(* Let $a,b,c,y,\alpha$ be real numbers with $0<c<y<1$ and $y<b<a$. Then \[ \int_{c}^{y}\frac{1-\alpha u}{1-u^2}\,\frac{u\,\mathrm{d}u}{\sqrt{(a-u)(b-u)(u-c)}} =\frac{\sqrt{y-c}}{(1-c^2)\sqrt{(a-c)(b-c)}}\left(2c(1-c\alpha)\,X+\frac23(1-2c\alpha)(y-c)\,Y-\frac25\,\alpha\,(y-c)^2\,Z\right), \] where, writing $\mathbf{x}=\left(\frac{y-c}{1-c},\,-\frac{y-c}{1+c},\,-\frac{y-c}{c-a},\,-\frac{y-c}{c-b}\right)$, \[ X=\mathrm{F}_{D}^{(4)}\left(\tfrac12;1,1,\tfrac12,\tfrac12;\tfrac32;\mathbf{x}\right),\quad Y=\mathrm{F}_{D}^{(4)}\left(\tfrac32;1,1,\tfrac12,\tfrac12;\tfrac52;\mathbf{x}\right),\quad Z=\mathrm{F}_{D}^{(4)}\left(\tfrac52;1,1,\tfrac12,\tfrac12;\tfrac72;\mathbf{x}\right). \]
   Context: For $n\ge1$, the Lauricella hypergeometric function of $n$ variables is \[ \mathrm{F}_{D}^{(n)}(a;b_1,\dots,b_n;c;x_1,\dots,x_n)=\sum_{m_1,\dots,m_n\ge0}\frac{(a)_{m_1+\cdots+m_n}(b_1)_{m_1}\cdots(b_n)_{m_n}}{(c)_{m_1+\cdots+m_n}\,m_1!\cdots m_n!}\,x_1^{m_1}\cdots x_n^{m_n},\qquad |x_i|<1, \] where $(\lambda)_m=\Gamma(\lambda+m)/\Gamma(\lambda)$ is the Pochhammer symbol; for $\operatorname{Re}c>\operatorname{Re}a>0$ it equals $\frac{\Gamma(c)}{\Gamma(a)\Gamma(c-a)}\int_0^1 u^{a-1}(1-u)^{c-a-1}\prod_{i=1}^n(1-x_iu)^{-b_i}\,\mathrm{d}u$, which gives its analytic continuation to $x_i\notin[1,\infty)$. *)

theory Defs
  imports "HOL-Analysis.Analysis"
begin

text \<open>Lauricella hypergeometric function F_D^(n), n = length xs = length bs,
  given by its defining multiple power series (valid for |x_i| < 1).\<close>

definition lauricella_FD :: "real \<Rightarrow> real list \<Rightarrow> real \<Rightarrow> real list \<Rightarrow> real" where
  "lauricella_FD a bs c xs =
     infsum (\<lambda>m. pochhammer a (\<Sum>i<length xs. m i) / pochhammer c (\<Sum>i<length xs. m i)
                 * (\<Prod>i<length xs. pochhammer (bs ! i) (m i) * (xs ! i) ^ (m i) / fact (m i)))
            (Pi\<^sub>E {..<length xs} (\<lambda>_. UNIV))"

end

theory Submission
  imports Defs
begin

text \<open>By the binomial theorem, the Lauricella series with the factor
  \<open>(a)\<^sub>|\<^sub>m\<^sub>| / (c)\<^sub>|\<^sub>m\<^sub>|\<close> removed sums to
  \<open>\<Prod>i. (1 - x\<^sub>i)^(-b\<^sub>i)\<close>; grouped by the total degree \<open>|m|\<close> it becomes a power series
  in a common scaling parameter \<open>t\<close> of the \<open>x\<^sub>i\<close>. For \<open>c = a + 1\<close> the removed factor is
  \<open>a / (a + |m|) = a \<integral>\<^sub>0\<^sup>1 t^(a + |m| - 1) dt\<close>, so dominated convergence gives Euler's integral
  \<open>F\<^sub>D(a; b; a + 1; x) = a \<integral>\<^sub>0\<^sup>1 t^(a - 1) \<Prod>i. (1 - x\<^sub>i t)^(-b\<^sub>i) dt\<close>.
  The substitution \<open>u = c + (y - c) t\<close> turns the integrand of the theorem into this kernel for the
  given \<open>x\<close>, times \<open>(1 - \<alpha> u) u / \<surd>(u - c)\<close>, and expanding \<open>(1 - \<alpha> u) u\<close> in powers of \<open>t\<close>
  produces the three terms with \<open>a = 1/2, 3/2, 5/2\<close>, i.e. \<open>X\<close>, \<open>Y\<close> and \<open>Z\<close>.\<close>

lemma binomial_series_pochhammer:
  fixes b z :: real
  assumes "\<bar>z\<bar> < 1"
  shows "(\<lambda>n. pochhammer b n * z ^ n / fact n) sums (1 - z) powr (- b)"
proof -
  have "(\<lambda>n. ((- b) gchoose n) * (- z) ^ n) sums (1 + (- z)) powr (- b)"
    by (rule gen_binomial_real) (use assms in simp)
  moreover have "((- b) gchoose n) * (- z) ^ n = pochhammer b n * z ^ n / fact n" for n
  proof -
    have "((- b) gchoose n) * (- z) ^ n = ((- 1) ^ n * (- 1) ^ n) * (pochhammer b n * z ^ n / fact n)"
      by (simp add: gbinomial_pochhammer power_minus[of z])
    also have "(- 1 :: real) ^ n * (- 1) ^ n = 1"
      by (simp flip: power_mult_distrib)
    finally show ?thesis by simp
  qed
  ultimately show ?thesis by simp
qed

lemma has_sum_binomial_series_pochhammer:
  fixes b z :: real
  assumes "\<bar>z\<bar> < 1" "b > 0"
  shows "((\<lambda>n. pochhammer b n * z ^ n / fact n) has_sum (1 - z) powr (- b)) UNIV"
    and "(\<lambda>n. norm (pochhammer b n * z ^ n / fact n)) summable_on UNIV"
proof -
  have "norm (pochhammer b n * z ^ n / fact n) = pochhammer b n * \<bar>z\<bar> ^ n / fact n" for n
    using pochhammer_pos[OF \<open>b > 0\<close>, of n] by (simp add: abs_mult power_abs)
  then have "summable (\<lambda>n. norm (pochhammer b n * z ^ n / fact n))"
    using binomial_series_pochhammer[of "\<bar>z\<bar>" b] assms(1) by (simp add: sums_iff)
  then show "((\<lambda>n. pochhammer b n * z ^ n / fact n) has_sum (1 - z) powr (- b)) UNIV"
    by (rule norm_summable_imp_has_sum[OF _ binomial_series_pochhammer[OF assms(1)]])
  show "(\<lambda>n. norm (pochhammer b n * z ^ n / fact n)) summable_on UNIV"
    using norm_summable_imp_summable_on[of "\<lambda>n. norm (pochhammer b n * z ^ n / fact n)"]
      \<open>summable _\<close> by simp
qed

abbreviation multi_indices :: "nat \<Rightarrow> (nat \<Rightarrow> nat) set" where
  "multi_indices n \<equiv> Pi\<^sub>E {..<n} (\<lambda>_. UNIV)"

definition lauricella_term :: "real list \<Rightarrow> real list \<Rightarrow> (nat \<Rightarrow> nat) \<Rightarrow> real" where
  "lauricella_term bs xs m = (\<Prod>i<length xs. pochhammer (bs ! i) (m i) * (xs ! i) ^ m i / fact (m i))"

definition lauricella_kernel :: "real list \<Rightarrow> real list \<Rightarrow> real" where
  "lauricella_kernel bs xs = (\<Prod>i<length xs. (1 - xs ! i) powr (- (bs ! i)))"

lemma infsum_lauricella_term:
  assumes "\<And>i. i < length xs \<Longrightarrow> bs ! i > 0" "\<And>i. i < length xs \<Longrightarrow> \<bar>xs ! i\<bar> < 1"
  shows "infsum (lauricella_term bs xs) (multi_indices (length xs)) = lauricella_kernel bs xs"
  unfolding lauricella_term_def lauricella_kernel_def
  using has_sum_binomial_series_pochhammer[of "xs ! i" "bs ! i" for i] assms
  by (subst infsum_prod_PiE_abs) (auto intro!: prod.cong infsumI)

lemma norm_lauricella_term:
  assumes "\<And>i. i < length xs \<Longrightarrow> bs ! i > 0"
  shows "norm (lauricella_term bs xs m) = lauricella_term bs (map abs xs) m"
  unfolding lauricella_term_def real_norm_def abs_prod
proof (rule prod.cong)
  show "{..<length xs} = {..<length (map abs xs)}" by simp
  fix i assume "i \<in> {..<length (map abs xs)}"
  then have "pochhammer (bs ! i) (m i) > 0"
    using assms pochhammer_pos by auto
  then show "\<bar>pochhammer (bs ! i) (m i) * (xs ! i) ^ m i / fact (m i)\<bar>
      = pochhammer (bs ! i) (m i) * (map abs xs ! i) ^ m i / fact (m i)"
    using \<open>i \<in> _\<close> by (simp add: abs_mult power_abs)
qed

lemma has_sum_lauricella_term:
  assumes "\<And>i. i < length xs \<Longrightarrow> bs ! i > 0" "\<And>i. i < length xs \<Longrightarrow> \<bar>xs ! i\<bar> < 1"
  shows "(lauricella_term bs xs has_sum lauricella_kernel bs xs) (multi_indices (length xs))"
    and "(\<lambda>m. norm (lauricella_term bs xs m)) summable_on multi_indices (length xs)"
proof -
  have "infsum (\<lambda>m. norm (lauricella_term bs xs m)) (multi_indices (length xs))
      = lauricella_kernel bs (map abs xs)"
    using infsum_lauricella_term[of "map abs xs" bs] assms
    by (simp add: norm_lauricella_term[OF assms(1)] del: real_norm_def)
  also have "\<dots> > 0"
    unfolding lauricella_kernel_def using assms(2) by (intro prod_pos) (simp add: less_imp_neq)
  \<comment> \<open>a nonnegative family with nonzero infinite sum is summable, by the junk value of \<open>infsum\<close>\<close>
  finally show "(\<lambda>m. norm (lauricella_term bs xs m)) summable_on multi_indices (length xs)"
    using infsum_not_exists by fastforce
  then show "(lauricella_term bs xs has_sum lauricella_kernel bs xs) (multi_indices (length xs))"
    using infsum_lauricella_term[OF assms] abs_summable_summable has_sum_infsum by fastforce
qed

lemma sums_infsum_by_fibres:
  fixes g :: "'a \<Rightarrow> real" and deg :: "'a \<Rightarrow> nat"
  assumes "g summable_on A" "\<And>k. finite {m \<in> A. deg m = k}"
  shows "(\<lambda>k. \<Sum>m \<in> {m \<in> A. deg m = k}. g m) sums infsum g A"
proof -
  define B where "B k = {m \<in> A. deg m = k}" for k
  have bij: "bij_betw (\<lambda>m. (deg m, m)) A (Sigma UNIV B)"
    unfolding B_def by (rule bij_betwI[where g = snd]) auto
  have "(\<lambda>(k, m). g m) summable_on Sigma UNIV B"
    using summable_on_reindex_bij_betw[OF bij, of "\<lambda>(k, m). g m"] assms(1) by simp
  moreover have "infsum (\<lambda>(k, m). g m) (Sigma UNIV B) = infsum g A"
    using infsum_reindex_bij_betw[OF bij, of "\<lambda>(k, m). g m"] by simp
  ultimately have "((\<lambda>k. infsum g (B k)) has_sum infsum g A) UNIV"
    using summable_on_Sigma_banach[of "\<lambda>k m. g m" UNIV B] infsum_Sigma'_banach[of "\<lambda>k m. g m" UNIV B]
    by (metis has_sum_infsum)
  then show ?thesis
    unfolding B_def using assms(2) by (auto intro: has_sum_imp_sums)
qed

definition multi_indices_of_degree :: "nat \<Rightarrow> nat \<Rightarrow> (nat \<Rightarrow> nat) set" where
  "multi_indices_of_degree n k = {m \<in> multi_indices n. (\<Sum>i<n. m i) = k}"

lemma finite_multi_indices_of_degree: "finite (multi_indices_of_degree n k)"
proof (rule finite_subset)
  show "multi_indices_of_degree n k \<subseteq> Pi\<^sub>E {..<n} (\<lambda>_. {..k})"
    unfolding multi_indices_of_degree_def
    by (auto simp: PiE_def Pi_def intro!: member_le_sum[of _ "{..<n}", simplified])
qed (simp add: finite_PiE)

definition lauricella_coeff :: "real list \<Rightarrow> real list \<Rightarrow> nat \<Rightarrow> real" where
  "lauricella_coeff bs xs k = (\<Sum>m \<in> multi_indices_of_degree (length xs) k. lauricella_term bs xs m)"

lemma sums_by_degree_multi_indices:
  fixes g :: "(nat \<Rightarrow> nat) \<Rightarrow> real"
  assumes "g summable_on multi_indices (length xs)"
  shows "(\<lambda>k. \<Sum>m \<in> multi_indices_of_degree (length xs) k. g m) sums infsum g (multi_indices (length xs))"
  using sums_infsum_by_fibres[OF assms, of "\<lambda>m. \<Sum>i<length xs. m i"] finite_multi_indices_of_degree
  unfolding multi_indices_of_degree_def by simp

lemma lauricella_term_scale:
  "lauricella_term bs (map (\<lambda>x. x * t) xs) m = lauricella_term bs xs m * t ^ (\<Sum>i<length xs. m i)"
proof -
  have "lauricella_term bs (map (\<lambda>x. x * t) xs) m =
      (\<Prod>i<length xs. pochhammer (bs ! i) (m i) * (xs ! i) ^ m i / fact (m i) * t ^ m i)"
    unfolding lauricella_term_def by (intro prod.cong refl) (auto simp: power_mult_distrib)
  then show ?thesis
    unfolding lauricella_term_def prod.distrib by (simp add: power_sum)
qed

lemma lauricella_kernel_power_series:
  assumes "\<And>i. i < length xs \<Longrightarrow> bs ! i > 0" "\<And>i. i < length xs \<Longrightarrow> \<bar>xs ! i\<bar> < 1"
    and "\<bar>t\<bar> \<le> 1"
  shows "(\<lambda>k. lauricella_coeff bs xs k * t ^ k) sums lauricella_kernel bs (map (\<lambda>x. x * t) xs)"
proof -
  let ?ys = "map (\<lambda>x. x * t) xs"
  have "\<bar>?ys ! i\<bar> < 1" if "i < length ?ys" for i
  proof -
    have "\<bar>xs ! i * t\<bar> \<le> \<bar>xs ! i\<bar>"
      using \<open>\<bar>t\<bar> \<le> 1\<close> by (simp add: abs_mult mult_left_le)
    then show ?thesis using assms(2)[of i] that by simp
  qed
  then have "(lauricella_term bs ?ys has_sum lauricella_kernel bs ?ys) (multi_indices (length xs))"
    using has_sum_lauricella_term(1)[of ?ys bs] assms(1) by simp
  then have "(\<lambda>k. \<Sum>m \<in> multi_indices_of_degree (length xs) k. lauricella_term bs ?ys m)
      sums lauricella_kernel bs ?ys"
    using sums_by_degree_multi_indices[of "lauricella_term bs ?ys" xs]
    by (metis has_sum_imp_summable infsumI)
  then show ?thesis
    unfolding lauricella_term_scale lauricella_coeff_def sum_distrib_right
    by (simp add: multi_indices_of_degree_def)
qed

◆ Task details
As you read the records above, find each line that contains "metis" and copy it.

◆ Task solution
    by (metis has_sum_infsum)
    by (metis has_sum_imp_summable infsumI)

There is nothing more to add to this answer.